> _DATA SHOWN_:
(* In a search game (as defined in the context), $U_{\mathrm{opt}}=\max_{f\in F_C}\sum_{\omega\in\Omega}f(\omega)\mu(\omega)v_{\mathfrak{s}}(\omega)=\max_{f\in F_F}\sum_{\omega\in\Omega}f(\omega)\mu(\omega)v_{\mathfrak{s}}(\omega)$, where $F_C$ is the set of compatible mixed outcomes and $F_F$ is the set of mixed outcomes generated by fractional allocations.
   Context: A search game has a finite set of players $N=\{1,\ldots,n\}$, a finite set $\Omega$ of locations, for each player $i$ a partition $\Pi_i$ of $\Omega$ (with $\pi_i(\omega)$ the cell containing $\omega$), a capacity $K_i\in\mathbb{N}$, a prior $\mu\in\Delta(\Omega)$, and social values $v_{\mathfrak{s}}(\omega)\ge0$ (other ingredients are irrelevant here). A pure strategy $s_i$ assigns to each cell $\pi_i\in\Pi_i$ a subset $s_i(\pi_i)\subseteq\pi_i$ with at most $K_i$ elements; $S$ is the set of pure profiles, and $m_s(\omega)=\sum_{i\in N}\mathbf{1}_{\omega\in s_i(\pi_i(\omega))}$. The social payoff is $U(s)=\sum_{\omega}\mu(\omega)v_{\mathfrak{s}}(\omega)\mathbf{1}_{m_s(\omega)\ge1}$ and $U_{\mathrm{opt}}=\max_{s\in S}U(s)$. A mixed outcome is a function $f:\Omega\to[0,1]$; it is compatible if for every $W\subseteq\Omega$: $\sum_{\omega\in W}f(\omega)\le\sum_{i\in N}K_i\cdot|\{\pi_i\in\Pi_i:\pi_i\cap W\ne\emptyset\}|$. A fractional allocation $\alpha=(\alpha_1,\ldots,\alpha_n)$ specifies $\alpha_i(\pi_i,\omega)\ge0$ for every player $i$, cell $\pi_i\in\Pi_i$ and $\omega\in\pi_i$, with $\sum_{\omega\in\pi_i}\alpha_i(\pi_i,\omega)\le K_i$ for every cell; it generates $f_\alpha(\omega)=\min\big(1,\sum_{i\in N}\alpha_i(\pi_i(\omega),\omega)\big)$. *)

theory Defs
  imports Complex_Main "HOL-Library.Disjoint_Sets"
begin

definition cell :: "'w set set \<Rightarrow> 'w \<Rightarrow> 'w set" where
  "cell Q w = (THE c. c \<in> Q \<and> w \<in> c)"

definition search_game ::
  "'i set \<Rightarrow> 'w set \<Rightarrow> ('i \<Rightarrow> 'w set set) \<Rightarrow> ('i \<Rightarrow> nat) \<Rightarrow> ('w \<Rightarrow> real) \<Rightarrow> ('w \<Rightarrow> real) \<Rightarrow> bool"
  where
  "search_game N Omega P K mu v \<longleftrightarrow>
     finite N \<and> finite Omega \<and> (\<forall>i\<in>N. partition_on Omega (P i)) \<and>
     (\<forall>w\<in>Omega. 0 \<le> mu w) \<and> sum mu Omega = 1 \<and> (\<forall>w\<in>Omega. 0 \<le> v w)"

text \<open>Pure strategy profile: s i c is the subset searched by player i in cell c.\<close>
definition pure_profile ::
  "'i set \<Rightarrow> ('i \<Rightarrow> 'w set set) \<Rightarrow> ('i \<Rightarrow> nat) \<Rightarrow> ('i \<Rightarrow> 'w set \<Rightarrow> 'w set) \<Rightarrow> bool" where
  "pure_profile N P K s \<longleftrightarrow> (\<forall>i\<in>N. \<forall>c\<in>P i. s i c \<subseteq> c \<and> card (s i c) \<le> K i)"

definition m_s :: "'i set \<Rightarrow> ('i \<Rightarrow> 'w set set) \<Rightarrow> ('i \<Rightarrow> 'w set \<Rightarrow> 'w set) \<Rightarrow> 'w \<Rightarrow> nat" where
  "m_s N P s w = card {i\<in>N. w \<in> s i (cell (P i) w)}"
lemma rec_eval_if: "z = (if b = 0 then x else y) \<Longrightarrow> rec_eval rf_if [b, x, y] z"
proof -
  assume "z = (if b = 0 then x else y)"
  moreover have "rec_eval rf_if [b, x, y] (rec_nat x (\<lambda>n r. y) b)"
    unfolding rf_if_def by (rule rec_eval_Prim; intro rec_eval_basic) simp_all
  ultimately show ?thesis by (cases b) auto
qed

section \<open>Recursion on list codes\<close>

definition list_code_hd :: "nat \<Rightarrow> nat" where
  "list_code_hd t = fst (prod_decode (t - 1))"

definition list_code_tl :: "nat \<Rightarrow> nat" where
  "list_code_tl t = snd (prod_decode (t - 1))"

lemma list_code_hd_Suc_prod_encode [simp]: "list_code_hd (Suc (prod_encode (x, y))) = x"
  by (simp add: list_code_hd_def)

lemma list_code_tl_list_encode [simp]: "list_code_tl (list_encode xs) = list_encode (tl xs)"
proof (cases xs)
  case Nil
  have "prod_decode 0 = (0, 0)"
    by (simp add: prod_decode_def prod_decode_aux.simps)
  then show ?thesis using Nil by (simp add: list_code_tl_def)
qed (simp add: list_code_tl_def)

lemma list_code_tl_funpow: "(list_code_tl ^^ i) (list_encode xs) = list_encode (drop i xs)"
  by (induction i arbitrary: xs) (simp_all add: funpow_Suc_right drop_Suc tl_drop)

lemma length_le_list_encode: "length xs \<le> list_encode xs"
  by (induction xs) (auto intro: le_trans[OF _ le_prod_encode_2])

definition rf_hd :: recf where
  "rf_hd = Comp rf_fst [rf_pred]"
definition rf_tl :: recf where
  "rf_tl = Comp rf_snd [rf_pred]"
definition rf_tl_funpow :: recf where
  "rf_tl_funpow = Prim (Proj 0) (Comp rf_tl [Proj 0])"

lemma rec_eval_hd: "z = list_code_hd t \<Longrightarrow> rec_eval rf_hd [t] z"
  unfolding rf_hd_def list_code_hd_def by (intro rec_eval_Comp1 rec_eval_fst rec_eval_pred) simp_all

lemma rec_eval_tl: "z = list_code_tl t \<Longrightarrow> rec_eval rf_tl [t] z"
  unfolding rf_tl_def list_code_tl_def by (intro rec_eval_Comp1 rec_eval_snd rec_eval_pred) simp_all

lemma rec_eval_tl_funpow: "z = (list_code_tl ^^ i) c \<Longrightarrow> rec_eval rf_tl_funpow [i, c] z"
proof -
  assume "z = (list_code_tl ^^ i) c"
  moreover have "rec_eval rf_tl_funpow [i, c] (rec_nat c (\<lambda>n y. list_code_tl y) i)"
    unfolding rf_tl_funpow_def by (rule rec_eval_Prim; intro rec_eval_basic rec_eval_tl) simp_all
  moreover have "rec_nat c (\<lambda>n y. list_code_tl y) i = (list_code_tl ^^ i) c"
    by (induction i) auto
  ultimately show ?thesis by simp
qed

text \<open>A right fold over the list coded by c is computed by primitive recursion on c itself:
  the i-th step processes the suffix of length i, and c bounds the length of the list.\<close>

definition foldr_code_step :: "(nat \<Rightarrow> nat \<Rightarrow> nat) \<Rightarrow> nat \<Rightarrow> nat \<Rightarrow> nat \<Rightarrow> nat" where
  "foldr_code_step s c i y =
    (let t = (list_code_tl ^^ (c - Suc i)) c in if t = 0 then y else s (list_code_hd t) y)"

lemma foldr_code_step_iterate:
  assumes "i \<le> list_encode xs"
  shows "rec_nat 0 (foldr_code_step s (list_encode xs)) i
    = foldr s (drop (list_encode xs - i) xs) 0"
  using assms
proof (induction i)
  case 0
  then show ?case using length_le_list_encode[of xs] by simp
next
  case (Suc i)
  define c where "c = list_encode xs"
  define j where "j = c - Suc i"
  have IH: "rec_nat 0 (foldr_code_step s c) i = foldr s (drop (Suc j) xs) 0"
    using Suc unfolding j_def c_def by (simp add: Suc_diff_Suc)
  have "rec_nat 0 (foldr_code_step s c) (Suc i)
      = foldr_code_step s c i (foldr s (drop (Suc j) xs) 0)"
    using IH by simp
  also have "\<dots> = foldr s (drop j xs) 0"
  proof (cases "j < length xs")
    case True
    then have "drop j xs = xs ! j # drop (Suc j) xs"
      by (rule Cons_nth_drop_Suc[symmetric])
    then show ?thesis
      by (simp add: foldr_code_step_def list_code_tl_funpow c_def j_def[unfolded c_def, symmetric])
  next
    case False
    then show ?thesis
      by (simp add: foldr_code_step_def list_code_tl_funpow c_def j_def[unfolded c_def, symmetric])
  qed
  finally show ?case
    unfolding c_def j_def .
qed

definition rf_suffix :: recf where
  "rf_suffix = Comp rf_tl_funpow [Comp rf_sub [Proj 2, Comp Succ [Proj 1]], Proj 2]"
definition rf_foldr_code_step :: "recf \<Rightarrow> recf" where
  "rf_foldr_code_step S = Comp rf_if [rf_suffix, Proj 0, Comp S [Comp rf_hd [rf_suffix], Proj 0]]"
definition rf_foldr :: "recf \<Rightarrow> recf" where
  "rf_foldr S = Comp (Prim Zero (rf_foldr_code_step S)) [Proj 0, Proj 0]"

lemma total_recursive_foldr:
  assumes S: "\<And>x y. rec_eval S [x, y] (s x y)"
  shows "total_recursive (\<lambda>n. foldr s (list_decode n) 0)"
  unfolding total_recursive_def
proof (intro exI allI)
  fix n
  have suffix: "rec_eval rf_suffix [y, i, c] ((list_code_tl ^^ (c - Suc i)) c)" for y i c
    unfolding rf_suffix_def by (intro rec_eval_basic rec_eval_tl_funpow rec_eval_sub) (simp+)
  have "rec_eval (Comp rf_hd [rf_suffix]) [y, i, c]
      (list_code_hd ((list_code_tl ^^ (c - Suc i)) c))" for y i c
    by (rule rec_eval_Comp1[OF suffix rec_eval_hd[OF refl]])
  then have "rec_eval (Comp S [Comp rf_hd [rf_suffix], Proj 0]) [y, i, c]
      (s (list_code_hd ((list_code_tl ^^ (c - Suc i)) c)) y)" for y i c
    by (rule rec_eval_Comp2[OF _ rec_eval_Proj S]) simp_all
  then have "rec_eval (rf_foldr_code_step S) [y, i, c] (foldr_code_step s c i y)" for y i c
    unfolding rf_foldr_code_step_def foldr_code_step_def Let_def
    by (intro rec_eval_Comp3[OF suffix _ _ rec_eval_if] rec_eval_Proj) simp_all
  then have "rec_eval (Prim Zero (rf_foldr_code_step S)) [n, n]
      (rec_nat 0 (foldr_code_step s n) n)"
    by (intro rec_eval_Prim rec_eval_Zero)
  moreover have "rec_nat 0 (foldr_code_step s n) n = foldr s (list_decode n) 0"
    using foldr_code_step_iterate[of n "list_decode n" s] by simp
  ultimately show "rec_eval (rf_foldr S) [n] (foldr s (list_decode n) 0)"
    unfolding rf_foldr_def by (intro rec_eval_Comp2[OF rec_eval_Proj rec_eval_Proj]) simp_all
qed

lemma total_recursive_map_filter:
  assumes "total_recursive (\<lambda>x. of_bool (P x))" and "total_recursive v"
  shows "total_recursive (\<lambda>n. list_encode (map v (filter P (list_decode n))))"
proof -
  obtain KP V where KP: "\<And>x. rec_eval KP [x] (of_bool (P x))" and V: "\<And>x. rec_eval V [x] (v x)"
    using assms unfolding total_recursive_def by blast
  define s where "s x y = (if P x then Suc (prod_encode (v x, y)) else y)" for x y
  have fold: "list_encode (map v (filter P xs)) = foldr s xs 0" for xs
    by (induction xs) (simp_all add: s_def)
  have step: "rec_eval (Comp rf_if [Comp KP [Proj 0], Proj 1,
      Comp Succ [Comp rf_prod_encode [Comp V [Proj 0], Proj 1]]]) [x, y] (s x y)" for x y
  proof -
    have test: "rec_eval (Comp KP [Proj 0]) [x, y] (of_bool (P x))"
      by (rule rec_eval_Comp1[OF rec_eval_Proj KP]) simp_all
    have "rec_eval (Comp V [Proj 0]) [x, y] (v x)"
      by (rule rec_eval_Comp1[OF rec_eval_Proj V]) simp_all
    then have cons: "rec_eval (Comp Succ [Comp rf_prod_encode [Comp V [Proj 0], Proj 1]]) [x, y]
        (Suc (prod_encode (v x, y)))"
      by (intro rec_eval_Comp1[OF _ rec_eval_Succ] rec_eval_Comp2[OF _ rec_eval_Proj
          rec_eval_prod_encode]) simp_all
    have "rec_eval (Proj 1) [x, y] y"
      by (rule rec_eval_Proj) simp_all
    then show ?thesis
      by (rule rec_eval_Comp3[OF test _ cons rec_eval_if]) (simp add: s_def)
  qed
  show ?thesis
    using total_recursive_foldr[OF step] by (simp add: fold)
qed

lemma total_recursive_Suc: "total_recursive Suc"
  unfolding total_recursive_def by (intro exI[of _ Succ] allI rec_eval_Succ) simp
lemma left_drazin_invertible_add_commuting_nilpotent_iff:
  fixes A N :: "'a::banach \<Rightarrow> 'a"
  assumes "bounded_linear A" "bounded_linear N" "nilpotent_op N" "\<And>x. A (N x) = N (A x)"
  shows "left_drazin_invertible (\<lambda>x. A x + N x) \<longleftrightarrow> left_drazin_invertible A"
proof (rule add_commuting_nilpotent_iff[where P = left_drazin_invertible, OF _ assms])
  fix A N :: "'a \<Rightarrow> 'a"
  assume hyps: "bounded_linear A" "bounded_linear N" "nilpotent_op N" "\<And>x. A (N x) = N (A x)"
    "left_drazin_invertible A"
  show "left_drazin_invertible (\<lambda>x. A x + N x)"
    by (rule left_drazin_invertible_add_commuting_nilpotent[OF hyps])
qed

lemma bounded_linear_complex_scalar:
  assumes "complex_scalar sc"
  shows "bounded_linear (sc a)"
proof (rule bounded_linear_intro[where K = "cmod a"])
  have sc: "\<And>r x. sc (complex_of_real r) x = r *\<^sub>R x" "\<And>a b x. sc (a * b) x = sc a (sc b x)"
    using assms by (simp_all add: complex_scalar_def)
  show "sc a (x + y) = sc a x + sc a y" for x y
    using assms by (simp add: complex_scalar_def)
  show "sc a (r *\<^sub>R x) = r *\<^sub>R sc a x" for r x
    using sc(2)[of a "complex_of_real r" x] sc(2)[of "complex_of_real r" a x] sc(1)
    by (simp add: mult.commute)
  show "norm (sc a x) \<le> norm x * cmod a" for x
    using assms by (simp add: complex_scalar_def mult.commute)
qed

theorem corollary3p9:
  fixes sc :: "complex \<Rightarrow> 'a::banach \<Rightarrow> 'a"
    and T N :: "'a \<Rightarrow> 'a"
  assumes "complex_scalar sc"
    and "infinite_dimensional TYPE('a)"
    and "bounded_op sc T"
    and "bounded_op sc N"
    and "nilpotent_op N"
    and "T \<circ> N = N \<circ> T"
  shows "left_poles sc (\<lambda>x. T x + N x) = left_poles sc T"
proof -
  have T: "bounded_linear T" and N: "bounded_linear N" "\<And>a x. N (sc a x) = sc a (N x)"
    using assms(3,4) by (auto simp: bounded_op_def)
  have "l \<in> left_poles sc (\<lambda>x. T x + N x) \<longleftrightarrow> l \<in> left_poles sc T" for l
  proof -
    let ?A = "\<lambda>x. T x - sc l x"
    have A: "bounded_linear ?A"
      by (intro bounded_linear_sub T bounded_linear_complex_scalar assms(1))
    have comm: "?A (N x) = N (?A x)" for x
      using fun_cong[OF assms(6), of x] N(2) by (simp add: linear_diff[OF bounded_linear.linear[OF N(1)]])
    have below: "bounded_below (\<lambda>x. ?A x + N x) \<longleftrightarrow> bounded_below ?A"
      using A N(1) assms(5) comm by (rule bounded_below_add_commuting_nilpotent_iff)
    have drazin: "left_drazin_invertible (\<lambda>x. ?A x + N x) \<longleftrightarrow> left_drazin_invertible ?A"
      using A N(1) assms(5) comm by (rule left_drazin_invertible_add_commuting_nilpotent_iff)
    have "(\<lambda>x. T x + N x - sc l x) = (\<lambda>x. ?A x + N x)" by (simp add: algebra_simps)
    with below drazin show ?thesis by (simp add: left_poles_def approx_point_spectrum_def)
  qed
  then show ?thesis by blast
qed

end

> _PROBLEM REQUIREMENTS_:
The string "cmod" may appear in the entries. Say how many lines contain it, as a bare number.

> _RESULT OF THIS EXERCISE_:
2